Started to breath a sigh of relief when this melange of complexity moved off rapidly worrying that someone might call and ask me to explain it. So, when some Cirrus uncinus and/or the rarely seen Cirrus castellanus came by I started to relax, feel confident again. Here are some of those pretty shots of little, icy clouds trailing light snow showers, likely, to repeat again, crystals called bullet rosettes. The ones in the part of the cloud from which they spew are likely tiny prisms, side planes, and tiny solid columns, thick, but tiny hexagonal plates with little fall speed, so those hang up there, while the favored ones in the best tiny updrafts in these clouds that resemble tiny glacial Cumulus clouds grow from those kind germ crystals into bullet rosettes, complicated crystals with multiple tiny columns sticking out of them. If you would like to read all about the crystals that form in high icy clouds like these you should spend some time browsing this paper, co-authored by the great John Hallett1 I really like footnotes–yes, of the Hallett and Mossop riming and splintering mechanism, discovered by them in 1974.  Helped explain why there was a LOT of extra ice in clouds that shouldn’t have it.

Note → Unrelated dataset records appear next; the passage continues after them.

lemma pcorr_cfr_seq:
  assumes "\<pi> m ` {..<N} \<subseteq> {..<N}" "\<pi> m' ` {..<N} \<subseteq> {..<N}"
  shows "pcorr (N * (N + 1)) (cfr_seq N \<pi> m) (cfr_seq N \<pi> m') \<tau>
       = of_nat (N + 1) * (\<Sum>a | a < N \<and> \<pi> m a = \<pi> m' ((a + \<tau>) mod N).
                              unity_root (N + 1) (- int (\<pi> m a * \<tau>)))"
proof -
  define s where "s a = \<pi> m' ((a + \<tau>) mod N)" for a
  define g where
    "g a = unity_root (N + 1) ((int (\<pi> m a) - int (s a)) * int a - int (s a) * int \<tau>)" for a
  define h where "h a = int (s a) - int (\<pi> m a)" for a
  have summand: "cfr_seq N \<pi> m t * cnj (cfr_seq N \<pi> m' (t + \<tau>))
      = g (t mod N) * unity_root (N + 1) (h (t mod N) * int (t div N))" for t
  proof -
    define a q where "a = t mod N" and "q = t div N"
    have "t = a + N * q" by (simp add: a_def q_def)
    then have t: "int t = int a + int N * int q" by simp
    have "(t + \<tau>) mod N = (a + \<tau>) mod N" by (simp add: a_def mod_add_left_eq)
    then have "cnj (cfr_seq N \<pi> m' (t + \<tau>))
        = unity_root (N + 1) (- (int (s a) * (int t + int \<tau>)))"
      by (simp add: cfr_seq_def omega_power cnj_unity_root s_def)
    moreover have "cfr_seq N \<pi> m t = unity_root (N + 1) (int (\<pi> m a) * int t)"
      by (simp add: cfr_seq_def omega_power a_def)
    ultimately have "cfr_seq N \<pi> m t * cnj (cfr_seq N \<pi> m' (t + \<tau>))
        = unity_root (N + 1) (int (\<pi> m a) * int t - int (s a) * (int t + int \<tau>))"
      by (simp flip: unity_root_add)
    also have "\<dots> = unity_root (N + 1)
        ((int (\<pi> m a) - int (s a)) * int a - int (s a) * int \<tau> + h a * int q)"
      \<comment> \<open>as N = -1 modulo N + 1\<close>
    proof (rule unity_root_cong)
      show "int (N + 1) dvd int (\<pi> m a) * int t - int (s a) * (int t + int \<tau>)
          - ((int (\<pi> m a) - int (s a)) * int a - int (s a) * int \<tau> + h a * int q)"
        by (rule dvdI[of _ _ "(int (\<pi> m a) - int (s a)) * int q"])
          (simp add: t h_def algebra_simps)
    qed simp
    finally show ?thesis
      using a_def q_def by (simp add: g_def unity_root_add)
  qed
  have match: "int (N + 1) dvd h a \<longleftrightarrow> \<pi> m a = s a" if "a < N" for a
  proof -
    have "(a + \<tau>) mod N < N" using that by simp
    then have "\<pi> m a < N" "s a < N"
      using assms that unfolding s_def by blast+
    then show ?thesis
      using int_dvd_diff_iff_eq[of "s a" "N + 1" "\<pi> m a"] by (auto simp: h_def)
  qed
  have "pcorr (N * (N + 1)) (cfr_seq N \<pi> m) (cfr_seq N \<pi> m') \<tau>
      = (\<Sum>t<N * (N + 1). cfr_seq N \<pi> m t * cnj (cfr_seq N \<pi> m' (t + \<tau>)))"
    unfolding pcorr_def cfr_seq_mod_period ..
  also have "\<dots> = of_nat (N + 1) * (\<Sum>a | a < N \<and> int (N + 1) dvd h a. g a)"
    unfolding summand by (rule sum_mod_div_unity_root) simp
  also have "{a. a < N \<and> int (N + 1) dvd h a} = {a. a < N \<and> \<pi> m a = s a}"
    using match by blast
  also have "(\<Sum>a | a < N \<and> \<pi> m a = s a. g a)
           = (\<Sum>a | a < N \<and> \<pi> m a = s a. unity_root (N + 1) (- int (\<pi> m a * \<tau>)))"
    by (rule sum.cong) (simp_all add: g_def)
  finally show ?thesis unfolding s_def .
qed

lemma norm_pcorr_cfr_seq_self:
  assumes bij: "bij_betw (\<pi> m) {..<N} {..<N}" and \<tau>: "0 < \<tau>" "\<tau> < N * (N + 1)"
  shows "cmod (pcorr (N * (N + 1)) (cfr_seq N \<pi> m) (cfr_seq N \<pi> m) \<tau>)
       = (if N dvd \<tau> then real (N + 1) else 0)"
proof -
  have range: "\<pi> m ` {..<N} \<subseteq> {..<N}"
    using bij_betw_imp_surj_on[OF bij] by simp
  have "\<pi> m a = \<pi> m ((a + \<tau>) mod N) \<longleftrightarrow> N dvd \<tau>" if "a < N" for a
  proof -
    have "(a + \<tau>) mod N < N" using that by simp
    then have "\<pi> m a = \<pi> m ((a + \<tau>) mod N) \<longleftrightarrow> (a + \<tau>) mod N = a"
      using that inj_on_eq_iff[OF bij_betw_imp_inj_on[OF bij]] by (simp add: eq_commute)
    then show ?thesis unfolding mod_add_eq_self_iff[OF that] .
  qed
  then have matches: "{a. a < N \<and> \<pi> m a = \<pi> m ((a + \<tau>) mod N)}
                    = (if N dvd \<tau> then {..<N} else {})"
    by auto
  have pcorr_eq: "pcorr (N * (N + 1)) (cfr_seq N \<pi> m) (cfr_seq N \<pi> m) \<tau>
      = of_nat (N + 1) * (\<Sum>a \<in> (if N dvd \<tau> then {..<N} else {}).
                              unity_root (N + 1) (- int (\<pi> m a * \<tau>)))"
    using pcorr_cfr_seq[of \<pi> m N m \<tau>, OF range range] unfolding matches .
  show ?thesis
  proof (cases "N dvd \<tau>")
    case True
    have "\<not> (N + 1) dvd \<tau>"
    proof
      assume "(N + 1) dvd \<tau>"
      then have "N * (N + 1) dvd \<tau>"
        by (rule divides_mult[OF True]) simp
      then show False
        using \<tau> by (auto dest: dvd_imp_le)
    qed
    then have "\<not> int (N + 1) dvd - int \<tau>"
      by (simp only: dvd_minus_iff int_dvd_int_iff not_False_eq_True)
    moreover have "0 < N + 1" by simp
    ultimately have "(\<Sum>v<N + 1. unity_root (N + 1) (- int \<tau> * int v)) = 0"
      by (simp only: sum_unity_root if_False)
    moreover have "(\<Sum>a<N. unity_root (N + 1) (- int (\<pi> m a * \<tau>)))
                 = (\<Sum>v<N. unity_root (N + 1) (- int \<tau> * int v))"
      using sum.reindex_bij_betw[OF bij, of "\<lambda>v. unity_root (N + 1) (- int \<tau> * int v)"]
      by (simp add: mult.commute)
    ultimately have "(\<Sum>a<N. unity_root (N + 1) (- int (\<pi> m a * \<tau>)))
                   = - unity_root (N + 1) (- int \<tau> * int N)"
      by (simp add: eq_neg_iff_add_eq_0 add.commute)
    then show ?thesis
      using True unfolding pcorr_eq norm_mult norm_of_nat by (simp add: norm_unity_root)
  qed (use pcorr_eq in simp)
qed

lemma is_CFR_row_bij: "is_CFR N K \<pi> \<Longrightarrow> i < K \<Longrightarrow> bij_betw (\<pi> i) {..<N} {..<N}"
  unfolding is_CFR_def by blast

lemma is_CFR_row_range: "is_CFR N K \<pi> \<Longrightarrow> i < K \<Longrightarrow> \<pi> i ` {..<N} \<subseteq> {..<N}"
  using bij_betw_imp_surj_on[OF is_CFR_row_bij] by blast
(* Let $r=a/b$ with $a,b$ coprime positive integers, and for $\theta\in\mathbb{R}$ define $\mathcal R_\theta^*f(z,t)=f(e^{i\theta}z,t)$. Then for $f\in C_c^\infty(\overline{\mathbb{H}})$ and $(z,t)\in\overline{\mathbb{H}}$, $$I_r(\mathcal R_\theta^*f)(z,t)=(I_rf)\big(e^{i\theta}z,\ t-\tfrac12 r\theta\big),$$ and consequently $$I_r(\partial_\theta f)(z,t)=\big(\partial_\theta-\tfrac12 rT\big)I_rf(z,t).$$
   Context: $\mathbb{H}=\mathbb{C}\times\mathbb{R}$ (coordinates $z=x+iy$, $t$) with product $(x+iy,t)(u+iv,s)=(x+u+i(y+v),\,t+s+\tfrac12(xv-yu))$; $\overline{\mathbb{H}}=\mathbb{H}/\{(0,k\pi):k\in\mathbb{Z}\}\cong\mathbb{C}\times(\mathbb{R}/\pi\mathbb{Z})$. For $r=a/b$, $\gamma_r(s)=(\sqrt r e^{is/\sqrt r},\tfrac12\sqrt r s)$ and $I_rf(z,t)=\int_0^{2\pi\sqrt{ab}}f((z,t)\gamma_r(s))\,ds$. $T=\partial_t$, and $\partial_\theta=x\partial_y-y\partial_x$ is the rotational derivative in the $z$ variable, i.e. $\partial_\theta f=\frac{d}{d\theta}\big|_{\theta=0}\mathcal R^*_\theta f$. *)

theory Defs
  imports "HOL-Analysis.Analysis"
begin

coinductive smooth_map :: "('a::real_normed_vector \<Rightarrow> 'b::real_normed_vector) \<Rightarrow> bool" where
  "(\<forall>x. f differentiable (at x)) \<Longrightarrow>
   (\<forall>v. smooth_map (\<lambda>x. frechet_derivative f (at x) v)) \<Longrightarrow> smooth_map f"

definition heis_mult :: "complex \<times> real \<Rightarrow> complex \<times> real \<Rightarrow> complex \<times> real" where
  "heis_mult p q = (fst p + fst q,
     snd p + snd q + 1/2 * (Re (fst p) * Im (fst q) - Im (fst p) * Re (fst q)))"

definition gamma_r :: "real \<Rightarrow> real \<Rightarrow> complex \<times> real" where
  "gamma_r r s = (complex_of_real (sqrt r) * cis (s / sqrt r), 1/2 * sqrt r * s)"
lemma beta_L_less_iff: "vlow \<le> w \<Longrightarrow> L < \<beta> w \<Longrightarrow> \<beta> s < \<beta> w \<longleftrightarrow> s < w"
  using beta_L_less[of s w] beta_L_less_vlow[of s] monoD[OF mono_beta_L, of w s]
  by (cases "s < w"; cases "vlow \<le> s") auto

lemma partial_mean_eq_beta_L: "vlow \<le> w \<Longrightarrow> partial_mean w = \<beta> w * F w"
  using partial_mean_eq unfolding beta_L_def by simp

lemma expectation_le_if_beta_L_less:
  assumes "\<And>t. \<beta> t < c"
  shows "expectation (\<lambda>s. s) \<le> c"
proof (rule tendsto_upperbound[OF cond_exp_below_tendsto])
  have "cond_exp_below M t \<le> c" if "vlow \<le> t" for t
    using assms[of t] that by (simp add: beta_L_def)
  then show "\<forall>\<^sub>F t in at_top. cond_exp_below M t \<le> c"
    by (rule eventually_mono[OF eventually_ge_at_top[of vlow]])
qed simp

definition expected_p2_payoff :: "real \<Rightarrow> real \<Rightarrow> real" where
  "expected_p2_payoff x v = (if L \<le> x then (v - x) * measure M {s. \<beta> s \<le> x} else 0)"

lemma expected_p2_payoff_beta_L_nonneg: "0 \<le> v \<Longrightarrow> 0 \<le> expected_p2_payoff (\<beta> v) v"
  using beta_L_le_abs[of v] by (simp add: expected_p2_payoff_def)

lemma expected_p2_payoff_le_surplus:
  assumes "L \<le> x"
  obtains S where "S \<in> sets borel" "{..<vlow} \<subseteq> S" "expected_p2_payoff x v \<le> surplus S v"
proof (cases "\<exists>t. x \<le> \<beta> t")
  case True
  then obtain w where w: "vlow \<le> w" "\<beta> w = x" using beta_L_attains assms by blast
  have "{s. \<beta> s \<le> x} = {..w}" using beta_L_le_iff[OF w(1)] w(2) by auto
  then have "expected_p2_payoff x v = surplus {..<w} v"
    using assms w partial_mean_eq_beta_L[OF w(1)]
    by (simp add: expected_p2_payoff_def surplus_lessThan F_eq_atMost algebra_simps)
  then show ?thesis using that[of "{..<w}"] w by auto
next
  case False
  then have less: "\<And>t. \<beta> t < x" by (simp add: not_le)
  then have "{s. \<beta> s \<le> x} = UNIV" by (auto intro: less_imp_le)
  then have "expected_p2_payoff x v = v - x"
    using assms prob_space by (simp add: expected_p2_payoff_def)
  also have "\<dots> \<le> surplus UNIV v"
    using expectation_le_if_beta_L_less[OF less] by (simp add: surplus_UNIV)
  finally show ?thesis using that[of UNIV] by simp
qed

lemma surplus_le_expected_p2_payoff_beta_L:
  assumes "0 \<le> v"
  shows "surplus {..<max v vlow} v \<le> expected_p2_payoff (\<beta> v) v"
proof (cases "vlow \<le> v")
  case True
  have "{s. \<beta> s \<le> \<beta> v} = {..v}" using beta_L_le_iff[OF True] by auto
  then have "expected_p2_payoff (\<beta> v) v = surplus {..<v} v"
    using beta_L_ge[OF True] partial_mean_eq_beta_L[OF True]
    by (simp add: expected_p2_payoff_def surplus_lessThan F_eq_atMost algebra_simps)
  then show ?thesis using True by simp
next
  case below: False
  have surplus_vlow: "surplus {..<vlow} v = (v - L) * F vlow"
    using partial_mean_eq_beta_L[of vlow] beta_L_vlow by (simp add: surplus_lessThan algebra_simps)
  show ?thesis
  proof (cases "L < v")
    case True
    then have "\<beta> v = L" using below by (simp add: beta_L_def)
    moreover have "{s. \<beta> s \<le> L} = {..vlow}" using beta_L_le_iff[of vlow] beta_L_vlow by auto
    ultimately have "expected_p2_payoff (\<beta> v) v = surplus {..<vlow} v"
      using surplus_vlow by (simp add: expected_p2_payoff_def F_eq_atMost)
    then show ?thesis using below by simp
  next
    case False
    then have "surplus {..<max v vlow} v \<le> 0"
      using below surplus_vlow by (simp add: F_def mult_nonpos_nonneg)
    then show ?thesis using expected_p2_payoff_beta_L_nonneg[OF assms] by linarith
  qed
qed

Here’s one more weird scene in Cirrus before moving on to something explicable:

3:43 PM.  Holes, plops of downward moving air amid the Cirrus/Cirrocumulus.
3:43 PM. Holes, plops of downward moving air amid the Cirrus/Cirrocumulus.  But why so round?

Thankfully, here’s what transpired next at Cirrus levels:

4:02 PM.  Cirrus uncinus (one with tufts or hooks at the top and long streamers of ice below them) followed the strangely patterned sky.
4:02 PM. Cirrus uncinus (one with tufts or hooks at the top and long streamers of ice below them) followed the strangely patterned sky.
4:03 PM.  Look at all the larger ice crystals pouring out these little guys!  Its amazing.
4:03 PM. Look at all the larger ice crystals pouring out these little guys! Its amazing.  Notice how FINE those strands are.  Airborne work we did indicated that the cores were only a 5-20 meters wide!
4:20 PM.  Reminded me of ballet dancers the way the clouds and the streamers were arranged.
4:20 PM. Reminded me of a ballet the way the clouds and the streamers were arranged around one another.
4:17 PM.  Just a little before the dancing clouds came by, there toward the Gap was this CIrrus castellanus mimicry of a full grown Cumulonimbus cappillatus.  Look, it even has a tiny anvil spreading out!  How fun was that to see!
4:17 PM. Just a little before the dancing clouds came by, there toward the Gap was this CIrrus castellanus mimicry of a full grown Cumulonimbus capillatus (tuft in center of photo). Look, it even has a tiny anvil spreading out, to use the word “tiny” for the 18th time! How fun was that to see!

Of course, with all the patchy Cirrus around we were guaranteed a nice sunset and it did not disappoint:

5:29 PM.  Sunset.
5:29 PM. Sunset.

Today’s clouds

Heavy ice clouds, several kilometers thick at times.  We call that kind of fray, often full sky-covering layer,  Altostratus.  Likely some Altocu around, too.  Will look now and see if I see any of those latter ones.  Oops, too dark.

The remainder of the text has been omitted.